- Genre: Family Drama
- Created by: Saeed Akhtar, Aisha Faizan
- Starring: See below
- Composer: Raagini Kavathekar
- Country of origin: India
- Original language: Hindi
- No. of seasons: 1
- No. of episodes: 110

Production
- Producers: Ranjeet Thakur Hemant Ruprell
- Production locations: Mumbai, Maharashtra, India
- Camera setup: Multi-camera
- Running time: 20 minutes
- Production companies: Frames Production IdeaRack Private Limited

Original release
- Network: Sony Entertainment Television
- Release: 19 August 2019 – 7 February 2020

= Tara From Satara =

Indian television series

Tara From Satara is an Indian family drama television series. that premiered on 19 August 2019 on Sony TV. Produced by Ranjeet Thakur and Hemant Ruprell, it stars Roshni Walia.

== Plot ==
Tara from Satara revolves around the story of two sisters from Satara - Tara Mane and her elder sister Radhika Mane. The two sisters love to dance and are very fond of it, too, the only difference being - Radhika does classical Kathak dance whereas Tara likes to do Bollywood moves.

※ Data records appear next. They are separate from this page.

(* Let $L$ be a precompact Hausdorff co-Heyting algebra, let $x\in\mathcal I^{!\wedge}(L)$, and let $r$ be the cofoundation rank of $x$ in the ordered set $\mathcal I^{!\wedge}(L)$. Then $\dim_{L^*}x^*=r=\operatorname{codim}_L x^{\vee}$, where $x^\vee=\bigwedge\{y\in L: y\not\le x\}$.
   Context: A co-Heyting algebra is a bounded distributive lattice $(L,0,1,\vee,\wedge)$ such that $a-b=\min\{c\in L: a\le b\vee c\}$ exists for all $a,b$. For an ideal $I$, $L/I$ is the quotient by $a\equiv_I b\iff(a-b)\vee(b-a)\in I$. For a bounded distributive lattice $M$: $\operatorname{Spec}M$ is its set of prime filters ordered by inclusion; height/coheight of a prime filter are its foundation rank and its foundation rank for the reverse order in $\operatorname{Spec}M$; $\operatorname{codim}_M a=\min\{\operatorname{height}\mathfrak p: a\in\mathfrak p\}$ ($+\infty$ if none) and $\dim_M a=\sup\{\operatorname{coheight}\mathfrak p: a\in\mathfrak p\}$ ($-\infty$ if none). $L^*$ is $L$ with the reverse order (a bounded distributive lattice), and $x^*$ is $x$ viewed as an element of $L^*$. $dL=\{a:\operatorname{codim}_La\ge d\}$. $L$ is Hausdorff if every nonzero element has finite codimension; precompact if $L/dL$ is finite for every positive integer $d$. $\mathcal I^{!\wedge}(L)$ is the set of completely meet irreducible elements: $x\ne1$ such that $\bigwedge A\le x$ implies $a\le x$ for some $a\in A$. Cofoundation rank in an ordered set is foundation rank for the reverse order. *)

theory Defs
  imports Main "HOL-Library.Dual_Ordered_Lattice" "HOL-Library.Extended_Real"
begin

text \<open>The foundation rank is reported in enat:
  a finite value n means rank exactly n; \<infinity> means rank \<ge> \<omega> (or undefined).\<close>

fun rank_level :: "'b set \<Rightarrow> ('b \<Rightarrow> 'b \<Rightarrow> bool) \<Rightarrow> nat \<Rightarrow> 'b set" where
  "rank_level S lt 0 = {}"
| "rank_level S lt (Suc n) = {p \<in> S. \<forall>q \<in> S. lt q p \<longrightarrow> q \<in> rank_level S lt n}"

definition found_rank :: "'b set \<Rightarrow> ('b \<Rightarrow> 'b \<Rightarrow> bool) \<Rightarrow> 'b \<Rightarrow> enat" where
  "found_rank S lt p =
     (if \<exists>n. p \<in> rank_level S lt (Suc n)
      then enat (LEAST n. p \<in> rank_level S lt (Suc n)) else \<infinity>)"

definition cofound_rank :: "'b set \<Rightarrow> ('b \<Rightarrow> 'b \<Rightarrow> bool) \<Rightarrow> 'b \<Rightarrow> enat" where
  "cofound_rank S lt p = found_rank S (\<lambda>a b. lt b a) p"

definition prime_filter :: "'a::{bounded_lattice,distrib_lattice} set \<Rightarrow> bool" where
  "prime_filter F \<longleftrightarrow>
     top \<in> F \<and> bot \<notin> F \<and>
     (\<forall>a b. a \<in> F \<longrightarrow> a \<le> b \<longrightarrow> b \<in> F) \<and>
     (\<forall>a b. a \<in> F \<longrightarrow> b \<in> F \<longrightarrow> inf a b \<in> F) \<and>
     (\<forall>a b. sup a b \<in> F \<longrightarrow> a \<in> F \<or> b \<in> F)"

definition Spec :: "'a::{bounded_lattice,distrib_lattice} itself \<Rightarrow> 'a set set" where
  "Spec _ = {F. prime_filter F}"

definition height :: "'a::{bounded_lattice,distrib_lattice} set \<Rightarrow> enat" where
  "height p = found_rank (Spec TYPE('a)) (\<subset>) p"

definition coheight :: "'a::{bounded_lattice,distrib_lattice} set \<Rightarrow> enat" where
  "coheight p = cofound_rank (Spec TYPE('a)) (\<subset>) p"

definition codim :: "'a::{bounded_lattice,distrib_lattice} \<Rightarrow> enat" where
  "codim a = (INF p \<in> {p \<in> Spec TYPE('a). a \<in> p}. height p)"

definition lat_dim :: "'a::{bounded_lattice,distrib_lattice} \<Rightarrow> ereal" where
  "lat_dim a = (if {p \<in> Spec TYPE('a). a \<in> p} = {} then -\<infinity>
            else (SUP p \<in> {p \<in> Spec TYPE('a). a \<in> p}. ereal_of_enat (coheight p)))"

definition co_heyting :: "'a::{bounded_lattice,distrib_lattice} itself \<Rightarrow> bool" where
  "co_heyting _ \<longleftrightarrow> (\<forall>a b::'a. \<exists>c. a \<le> sup b c \<and> (\<forall>c'. a \<le> sup b c' \<longrightarrow> c \<le> c'))"

definition cdiff :: "'a::{bounded_lattice,distrib_lattice} \<Rightarrow> 'a \<Rightarrow> 'a" where
  "cdiff a b = (THE c. a \<le> sup b c \<and> (\<forall>c'. a \<le> sup b c' \<longrightarrow> c \<le> c'))"

definition quot_rel :: "'a::{bounded_lattice,distrib_lattice} set \<Rightarrow> ('a \<times> 'a) set" where
  "quot_rel I = {(a, b). sup (cdiff a b) (cdiff b a) \<in> I}"

definition codim_ideal :: "nat \<Rightarrow> 'a::{bounded_lattice,distrib_lattice} set" where
  "codim_ideal d = {a. codim a \<ge> enat d}"

definition hausdorff :: "'a::{bounded_lattice,distrib_lattice} itself \<Rightarrow> bool" where
  "hausdorff _ \<longleftrightarrow> (\<forall>a::'a. a \<noteq> bot \<longrightarrow> codim a \<noteq> \<infinity>)"

definition precompact :: "'a::{bounded_lattice,distrib_lattice} itself \<Rightarrow> bool" where
  "precompact _ \<longleftrightarrow>
     (\<forall>d::nat. d > 0 \<longrightarrow> finite ((UNIV::'a set) // quot_rel (codim_ideal d :: 'a set)))"

definition is_glb :: "'a::order set \<Rightarrow> 'a \<Rightarrow> bool" where
  "is_glb A m \<longleftrightarrow> (\<forall>a\<in>A. m \<le> a) \<and> (\<forall>m'. (\<forall>a\<in>A. m' \<le> a) \<longrightarrow> m' \<le> m)"

definition cmi :: "'a::{bounded_lattice,distrib_lattice} set" where
  "cmi = {x. x \<noteq> top \<and> (\<forall>A m. is_glb A m \<longrightarrow> m \<le> x \<longrightarrow> (\<exists>a\<in>A. a \<le> x))}"

definition vee :: "'a::{bounded_lattice,distrib_lattice} \<Rightarrow> 'a" where
  "vee x = (THE m. is_glb {y. \<not> y \<le> x} m)"

end

theory Submission
  imports Defs
begin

Radhika learns Kathak from her father Sachin Mane, a well trained classical dancer, who at present dislikes Bollywood dance, but in his past, he was part of the Bollywood Showbiz. He went to fulfill his dream in Mumbai but was unable to do so. This regret in him made him dislike Bollywood and totally against people who dances on Bollywood numbers or listen to Bollywood music in his home or his neighbourhood.

Tara, who is very fond of Bollywood music and fan of MK (a Bollywood artist), is not good in studies and is seen dancing to Bollywood music, which irks her father. Her failing grades makes Tara doubt herself and in this process tries to quit dancing for the sake of studies, but in vain. Tara is only supported by her Aaji, her paternal grandmother, who has full faith in her granddaughter and thinks that one day Tara will shine like a star and be the pride of her father, much unlike her present situation.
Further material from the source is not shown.